Exercise: Below are the records; collect from them each line containing the string "where".

[Stored items]

lemma word_perm_comp_word_inv:
  assumes "1 \<le> r" "2 * r + 1 \<le> D"
  shows "word_perm D r u \<circ> word_perm D r (word_inv u) = id"
  using word_perm_word_inv_comp[OF assms, of "word_inv u"]
  by (simp add: word_inv_def rev_map comp_def)

lemma word_perm_eq_iff:
  assumes "1 \<le> r" "2 * r + 1 \<le> D"
  shows "word_perm D r u = word_perm D r v \<longleftrightarrow> word_perm D r (word_inv u @ v) = id"
proof
  assume "word_perm D r u = word_perm D r v"
  then show "word_perm D r (word_inv u @ v) = id"
    using word_perm_word_inv_comp[OF assms, of u] by (simp add: word_perm_append)
next
  assume "word_perm D r (word_inv u @ v) = id"
  then have "word_perm D r u = word_perm D r u \<circ> word_perm D r (word_inv u) \<circ> word_perm D r v"
    by (simp add: word_perm_append comp_assoc)
  then show "word_perm D r u = word_perm D r v"
    by (simp add: word_perm_comp_word_inv[OF assms])
qed

section \<open>Cyclic and relative coordinates\<close>

text \<open>The points 1, 1 + r, 1 + 2 r moved by beta are the residues 0, r, 2 r.\<close>

definition cyc_point :: "nat \<Rightarrow> int \<Rightarrow> nat" where
  "cyc_point D x = nat (x mod int D) + 1"

lemma cyc_point_eq_iff: "0 < D \<Longrightarrow> cyc_point D x = cyc_point D y \<longleftrightarrow> int D dvd (x - y)"
  by (auto simp: cyc_point_def nat_eq_iff mod_eq_dvd_iff)

lemma cyc_point_of_nat: "0 \<le> x \<Longrightarrow> x < int D \<Longrightarrow> cyc_point D x = nat x + 1"
  by (simp add: cyc_point_def)

lemma cyc_point_range: "0 < D \<Longrightarrow> cyc_point D x \<in> {1..D}"
proof -
  assume "0 < D"
  then have "x mod int D < int D" "0 \<le> x mod int D" by auto
  then show ?thesis unfolding cyc_point_def by auto
qed

lemma cyc_point_eq_1_iff: "0 < D \<Longrightarrow> cyc_point D x = 1 \<longleftrightarrow> int D dvd x"
  using cyc_point_eq_iff[of D x 0] cyc_point_of_nat[of 0 D] by simp

lemma cyc_point_eq_Suc_iff: "k < D \<Longrightarrow> cyc_point D x = 1 + k \<longleftrightarrow> int D dvd (x - int k)"
  using cyc_point_eq_iff[of D x "int k"] cyc_point_of_nat[of "int k" D] by simp

lemma letter_perm_Alpha_cyc_point:
  assumes "0 < D"
  shows "letter_perm D r Alpha (cyc_point D x) = cyc_point D (x + 1)"
proof -
  define m where "m = x mod int D"
  have m: "0 \<le> m" "m < int D" and x: "cyc_point D x = nat m + 1"
    using assms by (auto simp: m_def cyc_point_def)
  have x1: "(x + 1) mod int D = (m + 1) mod int D"
    by (simp add: m_def mod_add_left_eq)
  show ?thesis
  proof (cases "m + 1 < int D")
    case True
    then show ?thesis using x x1 m by (simp add: cyc_point_def nat_add_distrib)
  next
    case False
    then have "m + 1 = int D" using m by simp
    then have "cyc_point D x = D" "(x + 1) mod int D = 0" using x x1 m by simp_all
    then show ?thesis by (simp add: cyc_point_def)
  qed
qed

lemma letter_perm_Alpha_inv_cyc_point:
  assumes "0 < D"
  shows "letter_perm D r Alpha_inv (cyc_point D x) = cyc_point D (x - 1)"
proof -
  have "cyc_point D x = letter_perm D r Alpha (cyc_point D (x - 1))"
    using letter_perm_Alpha_cyc_point[OF assms, of r "x - 1"] by (simp del: letter_perm.simps)
  then show ?thesis
    using cyc_point_range[OF assms, of "x - 1"] by (cases "cyc_point D (x - 1) = D") auto
qed

lemma letter_perm_Beta_cyc_point:
  assumes "1 \<le> r" "2 * r + 1 \<le> D"
  shows "letter_perm D r Beta (cyc_point D x) =
    (if int D dvd x then cyc_point D (int r)
     else if int D dvd (x - int r) then cyc_point D (2 * int r)
     else if int D dvd (x - 2 * int r) then cyc_point D 0
     else cyc_point D x)"
  using assms cyc_point_eq_1_iff[of D x] cyc_point_eq_Suc_iff[of r D x]
    cyc_point_eq_Suc_iff[of "2 * r" D x] cyc_point_of_nat[of "int r" D]
    cyc_point_of_nat[of "2 * int r" D] cyc_point_of_nat[of 0 D]
  by auto

lemma letter_perm_Beta_inv_cyc_point:
  assumes "1 \<le> r" "2 * r + 1 \<le> D"
  shows "letter_perm D r Beta_inv (cyc_point D x) =
    (if int D dvd x then cyc_point D (2 * int r)
     else if int D dvd (x - int r) then cyc_point D 0
     else if int D dvd (x - 2 * int r) then cyc_point D (int r)
     else cyc_point D x)"
  using assms cyc_point_eq_1_iff[of D x] cyc_point_eq_Suc_iff[of r D x]
    cyc_point_eq_Suc_iff[of "2 * r" D x] cyc_point_of_nat[of "int r" D]
    cyc_point_of_nat[of "2 * int r" D] cyc_point_of_nat[of 0 D]
  by auto

definition hits :: "nat \<Rightarrow> nat \<Rightarrow> int \<Rightarrow> int \<Rightarrow> bool" where
  "hits D r c s \<longleftrightarrow> int D dvd (s + c * int r)"

text \<open>A pair (j, t) stands for the residue j r + t, and T c s for the congruence
  s + c r = 0 (mod D), i.e. for \<open>hits D r c s\<close>. A run of a short word consults T only at small
  arguments (\<open>rel_run_cong\<close>), which makes it insensitive to truncating large parameters.\<close>

fun rel_step :: "(int \<Rightarrow> int \<Rightarrow> bool) \<Rightarrow> letter \<Rightarrow> int \<times> int \<Rightarrow> int \<times> int" where
  "rel_step T Alpha (j, t) = (j, t + 1)"
| "rel_step T Alpha_inv (j, t) = (j, t - 1)"
| "rel_step T Beta (j, t) = (if T j t then (1, 0) else if T (j - 1) t then (2, 0)
     else if T (j - 2) t then (0, 0) else (j, t))"
| "rel_step T Beta_inv (j, t) = (if T j t then (2, 0) else if T (j - 1) t then (0, 0)
     else if T (j - 2) t then (1, 0) else (j, t))"

definition rel_returns :: "(int \<Rightarrow> int \<Rightarrow> bool) \<Rightarrow> letter list \<Rightarrow> int \<Rightarrow> int \<Rightarrow> bool" where
  "rel_returns T u j t \<longleftrightarrow>
     T (fst (foldr (rel_step T) u (j, t)) - j) (snd (foldr (rel_step T) u (j, t)) - t)"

Answer section:
definition cyc_point :: "nat \<Rightarrow> int \<Rightarrow> nat" where
  define m where "m = x mod int D"
definition hits :: "nat \<Rightarrow> nat \<Rightarrow> int \<Rightarrow> int \<Rightarrow> bool" where
fun rel_step :: "(int \<Rightarrow> int \<Rightarrow> bool) \<Rightarrow> letter \<Rightarrow> int \<times> int \<Rightarrow> int \<times> int" where
definition rel_returns :: "(int \<Rightarrow> int \<Rightarrow> bool) \<Rightarrow> letter list \<Rightarrow> int \<Rightarrow> int \<Rightarrow> bool" where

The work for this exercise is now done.